The combination of the Confederacy's plundering and his emotional involvement with the ever-growing number of slaves is at the heart of the story. The ragtag group of marauders then becomes involved in one skirmish after another-- hangings, burnings, brutal killings-- that satisfies any lust for action.

The title may be better understood if it were called the Free State of Jones County. Jones and two other Mississippi counties wanted to secede from the union in 1861.  Newt is as anti-secession as he is anti-slavery.

The film would have been helped with more of the personal story, an emotional reading from Newt and each of his women.  Their dialogue seems to be strictly about the mayhem surrounding them; didn't anyone care to give them truly personal things to say?  We learn very little about either woman and that's too bad.  I liked the action but to be fully sated, I needed the emotions of interpersonal relationships.

During the course of laying out the story, we inexplicably jump years into the future and witness a trial involving the apparent son
of Newt and Rachel and the fact that he (who looks very white but obviously isn't) wants to marry a white woman, which is against the law.  This happened several distracting times and what was the point?

Worse, as the war ends, so should the movie have.  But it doesn't.

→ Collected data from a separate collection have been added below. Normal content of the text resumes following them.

lemma (in prob_space) tp_coverage_deviation_prob_le:
  fixes X :: "nat \<Rightarrow> 'a \<Rightarrow> nat" and n m1 m2 :: nat and p \<gamma> \<delta> \<epsilon> c :: real
  assumes indep: "indep_vars (\<lambda>_. count_space UNIV) X UNIV"
    and distr: "\<And>i. distr M (count_space UNIV) (X i) = shifted_geometric_pmf p"
    and p: "0 < p" "p \<le> 1" and n: "0 < n" and \<delta>: "0 < \<delta>" and \<epsilon>: "0 < \<epsilon>"
    and m1: "real m1 \<le> (1 - \<delta>) * (real n * p)" and m2: "(1 + \<delta>) * (real n * p) \<le> real m2"
  defines "\<mu> \<equiv> measure_pmf.expectation (shifted_geometric_pmf p) (above_threshold (coverage_threshold \<gamma> n))"
  assumes lower: "c - \<epsilon> / 2 \<le> real m1 * \<mu> / real n" and upper: "real m2 * \<mu> / real n \<le> c + \<epsilon> / 2"
  shows "prob {\<omega> \<in> space M. \<epsilon> < \<bar>tp_coverage \<gamma> n (\<lambda>i. X i \<omega>) - c\<bar>}
           \<le> (real m1 + real m2) / (real n * p)\<^sup>2 * (2 / \<delta>\<^sup>2 + 8 / \<epsilon>\<^sup>2)"
proof -
  define T where "T = coverage_threshold \<gamma> n"
  have X[measurable]: "X i \<in> M \<rightarrow>\<^sub>M count_space UNIV" for i
    using indep unfolding indep_vars_def by blast
  have mean: "measure_pmf.expectation (shifted_geometric_pmf p) real = 1 / p"
    using shifted_geometric_above_threshold_expectation(2)[OF p, of 0] by simp
  define length_event where "length_event m =
    {\<omega> \<in> space M. \<delta> * real n \<le> \<bar>(\<Sum>i<m. real (X i \<omega>)) - real m * (1 / p)\<bar>}" for m
  define cover_event where "cover_event m =
    {\<omega> \<in> space M. \<epsilon> * real n / 2 \<le> \<bar>(\<Sum>i<m. above_threshold T (X i \<omega>)) - real m * \<mu>\<bar>}" for m
  have events[measurable]: "length_event m \<in> events" "cover_event m \<in> events" for m
    unfolding length_event_def cover_event_def by measurable
  have real_moment: "integrable (shifted_geometric_pmf p) (\<lambda>k. (real k)\<^sup>2)"
    "measure_pmf.expectation (shifted_geometric_pmf p) (\<lambda>k. (real k)\<^sup>2) \<le> 2 / p\<^sup>2"
    using shifted_geometric_second_moment[OF p, of 0] by (simp_all only: above_threshold_0)
  have "prob {\<omega> \<in> space M. \<delta> * real n \<le>
          \<bar>(\<Sum>i<m. real (X i \<omega>)) - real m * measure_pmf.expectation (shifted_geometric_pmf p) real\<bar>}
        \<le> real m * (2 / p\<^sup>2) / (\<delta> * real n)\<^sup>2" for m
    by (rule iid_sum_deviation_prob_le[OF indep distr _ real_moment]) (use \<delta> n in auto)
  then have length_prob: "prob (length_event m) \<le> real m * (2 / p\<^sup>2) / (\<delta> * real n)\<^sup>2" for m
    by (simp only: length_event_def mean)
  have cover_prob: "prob (cover_event m) \<le> real m * (2 / p\<^sup>2) / (\<epsilon> * real n / 2)\<^sup>2" for m
    unfolding cover_event_def \<mu>_def T_def
    by (rule iid_sum_deviation_prob_le[OF indep distr _ shifted_geometric_second_moment[OF p]])
       (use \<epsilon> n in auto)
  have m1': "real m1 * (1 / p) \<le> (1 - \<delta>) * real n" and m2': "(1 + \<delta>) * real n \<le> real m2 * (1 / p)"
    using m1 m2 p by (simp_all add: field_simps)
  have "{\<omega> \<in> space M. \<epsilon> < \<bar>tp_coverage \<gamma> n (\<lambda>i. X i \<omega>) - c\<bar>} \<subseteq>
          length_event m1 \<union> length_event m2 \<union> cover_event m1 \<union> cover_event m2"
    using tp_coverage_close[OF m1' m2' lower[unfolded \<mu>_def] upper[unfolded \<mu>_def]]
    by (force simp: length_event_def cover_event_def \<mu>_def T_def not_le)
  then have "prob {\<omega> \<in> space M. \<epsilon> < \<bar>tp_coverage \<gamma> n (\<lambda>i. X i \<omega>) - c\<bar>} \<le>
               prob (length_event m1 \<union> length_event m2 \<union> cover_event m1 \<union> cover_event m2)"
    by (rule finite_measure_mono) measurable
  also have "\<dots> \<le> prob (length_event m1) + prob (length_event m2) + prob (cover_event m1) + prob (cover_event m2)"
    by (intro order_trans[OF measure_Un_le] add_right_mono) measurable
  also have "\<dots> \<le> real m1 * (2 / p\<^sup>2) / (\<delta> * real n)\<^sup>2 + real m2 * (2 / p\<^sup>2) / (\<delta> * real n)\<^sup>2
      + real m1 * (2 / p\<^sup>2) / (\<epsilon> * real n / 2)\<^sup>2 + real m2 * (2 / p\<^sup>2) / (\<epsilon> * real n / 2)\<^sup>2"
    by (intro add_mono length_prob cover_prob)
  also have "\<dots> = (real m1 + real m2) / (real n * p)\<^sup>2 * (2 / \<delta>\<^sup>2 + 8 / \<epsilon>\<^sup>2)"
    using p n \<delta> \<epsilon> by (simp add: field_simps power2_eq_square)
  finally show ?thesis .
qed

section \<open>Asymptotics\<close>

lemma log_scaled_tendsto_imp_tendsto_0:
  fixes p :: "nat \<Rightarrow> real"
  assumes "(\<lambda>n. p n * log 2 (real n)) \<longlonglongrightarrow> \<alpha>"
  shows "p \<longlonglongrightarrow> 0"
proof -
  have "(\<lambda>n. p n * log 2 (real n) * (1 / log 2 (real n))) \<longlonglongrightarrow> \<alpha> * 0"
    by (intro tendsto_mult assms) real_asymp
  moreover have "\<forall>\<^sub>F n in sequentially. p n * log 2 (real n) * (1 / log 2 (real n)) = p n"
    using eventually_ge_at_top[of 2] by eventually_elim (simp add: less_imp_neq[symmetric])
  ultimately show ?thesis
    by (simp add: tendsto_cong)
qed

It ventures into some awkward pacing and structuring of the Reconstruction Period, complete with newspaper accounts of the time, and jaggedly rushes through the history of events, most of which have nothing to do with Newt or the story we've been watching.

I suppose all the moralizing that came with this last part of the film was what appealed to McConaughey in the first place or it was later written for him.  The actor doesn't seem to have ever met a pulpit he didn't want to mount, spraying his pearls of knowledge over the disenfranchised.  To play Newt, he got to get dirty, smell dirty and stay dirty. Shampooing optional.  It was a dream role. Oh, I kid the scruffy Texas muffin, he fit the part just fine and dandy.

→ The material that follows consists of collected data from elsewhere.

lemma flow_arc_gradient_bound:
  fixes V :: "'a::euclidean_space \<Rightarrow> real"
  assumes arc: "flow_arc C f a b \<xi>" and "a \<le> b"
    and U: "open U" "\<xi> ` {a..b} \<subseteq> U"
    and dV: "\<forall>z\<in>U. (V has_derivative (\<lambda>h. G z \<bullet> h)) (at z)" and cG: "continuous_on U G"
    and decay: "\<And>t w. t \<in> {a..b} \<Longrightarrow> (\<xi> t, w) \<in> C \<Longrightarrow> - K \<le> G (\<xi> t) \<bullet> f (\<xi> t, w)"
  shows "V (\<xi> a) - V (\<xi> b) \<le> K * (b - a)"
proof -
  have "abs_continuous_on a b (\<lambda>t. - V (\<xi> t))"
  proof (rule abs_continuous_on_compose[OF _ U])
    show "abs_continuous_on a b \<xi>" using arc by (simp add: flow_arc_def)
    show "\<forall>z\<in>U. ((\<lambda>z. - V z) has_derivative (\<lambda>h. - G z \<bullet> h)) (at z)"
      using dV by (auto intro: derivative_eq_intros)
    show "continuous_on U (\<lambda>z. - G z)" using cG by (rule continuous_on_minus)
  qed
  moreover have "AE t in lebesgue. t \<in> {a<..<b} \<longrightarrow>
      (\<exists>D\<le>K. ((\<lambda>t. - V (\<xi> t)) has_real_derivative D) (at t))"
    using arc unfolding flow_arc_def
  proof (elim conjE eventually_mono, intro impI)
    fix t assume "t \<in> {a..b} \<longrightarrow> (\<exists>w. (\<xi> t, w) \<in> C \<and> (\<xi> has_vector_derivative f (\<xi> t, w)) (at t))"
      "t \<in> {a<..<b}"
    then obtain w where w: "(\<xi> t, w) \<in> C" "(\<xi> has_vector_derivative f (\<xi> t, w)) (at t)" by auto
    have "\<xi> t \<in> U" using U(2) \<open>t \<in> {a<..<b}\<close> by auto
    then have "((\<lambda>t. V (\<xi> t)) has_derivative (\<lambda>h. G (\<xi> t) \<bullet> (h *\<^sub>R f (\<xi> t, w)))) (at t)"
      using has_derivative_compose[of \<xi> "\<lambda>h. h *\<^sub>R f (\<xi> t, w)" t UNIV V "\<lambda>h. G (\<xi> t) \<bullet> h"]
        w(2) dV by (simp add: has_vector_derivative_def)
    then have "((\<lambda>t. - V (\<xi> t)) has_real_derivative - (G (\<xi> t) \<bullet> f (\<xi> t, w))) (at t)"
      unfolding has_field_derivative_def by (auto intro!: derivative_eq_intros simp: algebra_simps)
    moreover have "- (G (\<xi> t) \<bullet> f (\<xi> t, w)) \<le> K" using decay[OF _ w(1)] \<open>t \<in> {a<..<b}\<close> by force
    ultimately show "\<exists>D\<le>K. ((\<lambda>t. - V (\<xi> t)) has_real_derivative D) (at t)" by blast
  qed
  ultimately have "- V (\<xi> b) - - V (\<xi> a) \<le> K * (b - a)"
    by (rule abs_continuous_on_derivative_upper_bound[OF \<open>a \<le> b\<close>])
  then show ?thesis by simp
qed

section \<open>Descent through a band of distances\<close>

lemma continuous_on_first_time_below:
  fixes \<delta> :: "real \<Rightarrow> real"
  assumes cont: "continuous_on {a..b} \<delta>" and "a \<le> b" "c < \<delta> a" "\<delta> b \<le> c"
  obtains \<tau> where "a < \<tau>" "\<tau> \<le> b" "\<delta> \<tau> = c" "\<And>t. a \<le> t \<Longrightarrow> t < \<tau> \<Longrightarrow> c < \<delta> t"
proof -
  define S where "S = {t \<in> {a..b}. \<delta> t \<le> c}"
  define \<tau> where "\<tau> = Inf S"
  have "closed S" unfolding S_def
    by (rule continuous_on_closed_Collect_le[OF cont continuous_on_const]) simp
  moreover have "S \<noteq> {}" "bdd_below S" using assms(2,4) by (auto simp: S_def)
  ultimately have "\<tau> \<in> S" unfolding \<tau>_def by (rule closed_contains_Inf[rotated -1])
  then have \<tau>: "a \<le> \<tau>" "\<tau> \<le> b" "\<delta> \<tau> \<le> c" by (auto simp: S_def)
  have before: "c < \<delta> t" if "a \<le> t" "t < \<tau>" for t
    using that \<tau>(2) cInf_lower[OF _ \<open>bdd_below S\<close>, of t] by (force simp: S_def \<tau>_def)
  have "a < \<tau>" using \<tau> assms(3) by (cases "a = \<tau>") auto
  have "c \<le> \<delta> \<tau>"
  proof (rule continuous_ge_on_closure[of "{a..<\<tau>}" \<delta> \<tau> c])
    show "continuous_on (closure {a..<\<tau>}) \<delta>"
      using \<open>a < \<tau>\<close> \<tau>(2) by (auto intro: continuous_on_subset[OF cont])
  qed (use \<open>a < \<tau>\<close> before in \<open>auto simp: less_imp_le\<close>)
  then show ?thesis using that \<open>a < \<tau>\<close> \<tau> before by force
qed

All the supporting actors turned in believable performances although no one stood out for special mention.  Everyone seemed to fit the part.  Major kudos to the hair, makeup and wardrobe departments for making these actors look so authentic.  It's been said that over 7,000 people submitted head shots to be able to be an extra in the large cast. 

Mostly filmed outdoors, there was a lovely rural look that helped keep my interest in good order.  

Included, of course, are some sobering scenes of carnage... amputations, hangings, shootings in the face, etc.  Be warned. 

Director Ross has turned out some fine films with Pleasantville, Seabiscuit and The Hunger Games but one cannot help but feel that writer Ross sabotaged the director's efforts here.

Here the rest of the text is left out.